Gensler framed the current market backdrop as a reckoning consistent with warnings he made while in office that the global public’s fascination with cryptocurrencies doesn’t equate to fundamentals.

“All the thousands of other tokens, not the stablecoins that are backed by US dollars, but all the thousands of other tokens, you have to ask yourself, what are the fundamentals? What’s underlying it… The investing public just needs to be aware of those risks,” he said.

Gensler’s record and industry backlash

Gensler led the SEC from April 17, 2021, to Jan. 20, 2025, overseeing an aggressive enforcement agenda that included lawsuits against major crypto intermediaries and the view that many tokens are unregistered securities.

Related: House Republicans to probe Gary Gensler’s deleted texts

The industry winced at high‑profile actions against exchanges and staking programs, as well as the posture that most token issuers fell afoul of registration rules.

Gary Gensler labels crypto as “highly speculative.” Source: Bloomberg

Under Gensler’s tenure, Coinbase was sued by the SEC for operating as an unregistered exchange, broker and clearing agency, and for offering an unregistered staking-as-a-service program. Kraken was also forced to shut its US staking program and pay a $30 million penalty.

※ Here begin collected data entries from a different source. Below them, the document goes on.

lemma integral_Icc_sum_shifts:
  fixes f :: "real \<Rightarrow> real"
  assumes f: "continuous_on UNIV f" and h: "0 \<le> h"
  shows "integral {0..real n * h} f = integral {0..h} (\<lambda>t. \<Sum>k<n. f (t + real k * h))"
proof (induction n)
  case 0
  show ?case by simp
next
  case (Suc n)
  have shift: "continuous_on S (\<lambda>t. f (t + c))" for S c
    by (rule continuous_on_compose2[OF f]) (auto intro: continuous_intros)
  have "integral {0..real (Suc n) * h} f =
      integral {0..real n * h} f + integral {real n * h..real n * h + h} f"
    using Henstock_Kurzweil_Integration.integral_combine
        [where a=0 and c="real n * h" and b="real n * h + h" and f=f]
      h integrable_continuous_interval[OF continuous_on_subset[OF f]]
    by (simp add: algebra_simps)
  also have "integral {real n * h..real n * h + h} f = integral {0..h} (\<lambda>t. f (t + real n * h))"
    using integral_shift_Icc_real[of 0 h f "real n * h"] by (simp add: o_def add.commute)
  also note Suc.IH
  also have "integral {0..h} (\<lambda>t. \<Sum>k<n. f (t + real k * h)) + integral {0..h} (\<lambda>t. f (t + real n * h))
      = integral {0..h} (\<lambda>t. \<Sum>k<Suc n. f (t + real k * h))"
    by (simp add: integral_add integrable_continuous_interval continuous_on_sum shift)
  finally show ?case .
qed

lemma mean_value_ge_if_quarter_sums:
  fixes f :: "real \<Rightarrow> real"
  assumes f: "continuous_on UNIV f"
    and quarters: "\<And>t. 4 * c \<le> f t + f (t + pi/2) + f (t + pi) + f (t + 3*pi/2)"
  shows "c \<le> 1 / (2 * pi) * integral {0..2*pi} f"
proof -
  have "2 * pi * c = integral {0..pi/2} (\<lambda>t. 4 * c)" by simp
  also have "\<dots> \<le> integral {0..pi/2} (\<lambda>t. \<Sum>k<4. f (t + real k * (pi/2)))"
  proof (rule integral_le)
    show "(\<lambda>t. \<Sum>k<4. f (t + real k * (pi/2))) integrable_on {0..pi/2}"
      by (intro integrable_continuous_interval continuous_on_sum continuous_on_compose2[OF f])
        (auto intro: continuous_intros)
    show "4 * c \<le> (\<Sum>k<4. f (t + real k * (pi/2)))" for t
      using quarters[of t] by (simp add: numeral_eq_Suc algebra_simps)
  qed (intro integrable_continuous_interval continuous_intros)
  also have "\<dots> = integral {0..2*pi} f"
    using integral_Icc_sum_shifts[OF f, of "pi/2" 4] by simp
  finally show ?thesis by (simp add: field_simps)
qed

lemma cont_psh_if_quarter_turns:
  fixes u :: "complex ^ 'n \<Rightarrow> real"
  assumes cont: "continuous_on D u"
    and quarters: "\<And>a v. a \<in> D \<Longrightarrow> a + v \<in> D \<Longrightarrow> a - v \<in> D \<Longrightarrow> a + \<i> *s v \<in> D \<Longrightarrow> a - \<i> *s v \<in> D \<Longrightarrow>
      4 * u a \<le> u (a + v) + u (a - v) + u (a + \<i> *s v) + u (a - \<i> *s v)"
  shows "cont_psh D u"
  unfolding cont_psh_def
proof (intro conjI allI impI)
  show "continuous_on D u" by (rule cont)
  fix a b assume disc: "\<forall>\<zeta>::complex. norm \<zeta> \<le> 1 \<longrightarrow> a + \<zeta> *s b \<in> D"
  show "u a \<le> 1 / (2 * pi) * integral {0..2 * pi} (\<lambda>t. u (a + cis t *s b))"
  proof (rule mean_value_ge_if_quarter_sums)
    show "continuous_on UNIV (\<lambda>t. u (a + cis t *s b))"
      by (rule continuous_on_compose2[OF cont continuous_on_cis_vector_smult]) (use disc in auto)
    fix t
    have "4 * u a \<le> u (a + cis t *s b) + u (a - cis t *s b)
        + u (a + \<i> *s (cis t *s b)) + u (a - \<i> *s (cis t *s b))"
    proof (rule quarters)
      show "a \<in> D" using disc[rule_format, of 0] by simp
      show "a + cis t *s b \<in> D" "a + \<i> *s (cis t *s b) \<in> D"
        using disc[rule_format, of "cis t"] disc[rule_format, of "\<i> * cis t"]
        by (simp_all add: vector_smult_assoc norm_mult)
      show "a - cis t *s b \<in> D" "a - \<i> *s (cis t *s b) \<in> D"
        using disc[rule_format, of "- cis t"] disc[rule_format, of "- (\<i> * cis t)"]
        by (simp_all add: vector_smult_assoc vector_smult_lneg norm_mult)
    qed
    then show "4 * u a \<le> u (a + cis t *s b) + u (a + cis (t + pi/2) *s b) + u (a + cis (t + pi) *s b)
        + u (a + cis (t + 3*pi/2) *s b)"
      by (simp add: cis_add_pi_half cis_add_pi cis_add_three_pi_half vector_smult_assoc vector_smult_lneg)
  qed
qed

lemma orthogonal_transformation_isometry_diff:
  fixes B :: "'a::real_inner \<Rightarrow> 'a"
  assumes "\<forall>x y. dist (B x) (B y) = dist x y"
  shows "orthogonal_transformation (\<lambda>x. B x - B 0)"
  using assms by (simp add: orthogonal_transformation_isometry dist_norm)

lemma continuous_on_isometry:
  assumes "\<forall>x y. dist (B x) (B y) = dist x y"
  shows "continuous_on S B"
  by (rule lipschitz_on_continuous_on[where L=1]) (simp add: lipschitz_onI assms)

lemma isometry_image_eq_vimage:
  fixes A :: "'a::euclidean_space \<Rightarrow> 'a"
  assumes iso: "\<forall>x y. dist (A x) (A y) = dist x y"
  obtains B where "\<forall>x y. dist (B x) (B y) = dist x y" "A ` S = B -` S"
proof
  have "surj (\<lambda>x. A x - A 0)"
    by (rule orthogonal_transformation_surj[OF orthogonal_transformation_isometry_diff[OF iso]])
  then have surj: "surj A" by (metis (no_types, lifting) diff_add_cancel surj_def)
  have inj: "inj A" using iso by (metis dist_eq_0_iff injI)
  show "\<forall>x y. dist (inv A x) (inv A y) = dist x y"
    using iso surj by (metis surj_f_inv_f)
  show "A ` S = inv A -` S"
    using inj surj by (auto simp: image_iff surj_f_inv_f) (metis surj_f_inv_f)
qed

The politicization of crypto

Pushed on the politicization of crypto, including references to the Trump family’s crypto involvement by the Bloomberg interviewer, the former chair rejected the framing.

“No, I don’t think so,” he said, arguing it’s more about capital markets fairness and “commonsense rules of the road,” than a “Democrat versus Republican thing.”

He added: “When you buy and sell a stock or a bond, you want to get various information,” and “the same treatment as the big investors.” That’s the fairness underpinning US capital markets.

Related: Coinbase files FOIA to see how much the SEC’s ‘war on crypto’ cost

ETFs and the drift to centralization

On ETFs, Gensler said finance “ever since antiquity… goes toward centralization,” so it’s unsurprising that an ecosystem born decentralized has become “more integrated and more centralized.”

He noted that investors can already express themselves in gold and silver through exchange‑traded funds, and that during his tenure, the first US Bitcoin futures ETFs were approved, tying parts of crypto’s plumbing more closely to traditional markets.

Gensler’s latest comments draw a familiar line: Bitcoin sits in a different bucket, while most other tokens remain, in his view, speculative and light on fundamentals.

Even out of office, his framing will echo through courts, compliance desks and allocation committees weighing BTC’s status against persistent regulatory caution of altcoins.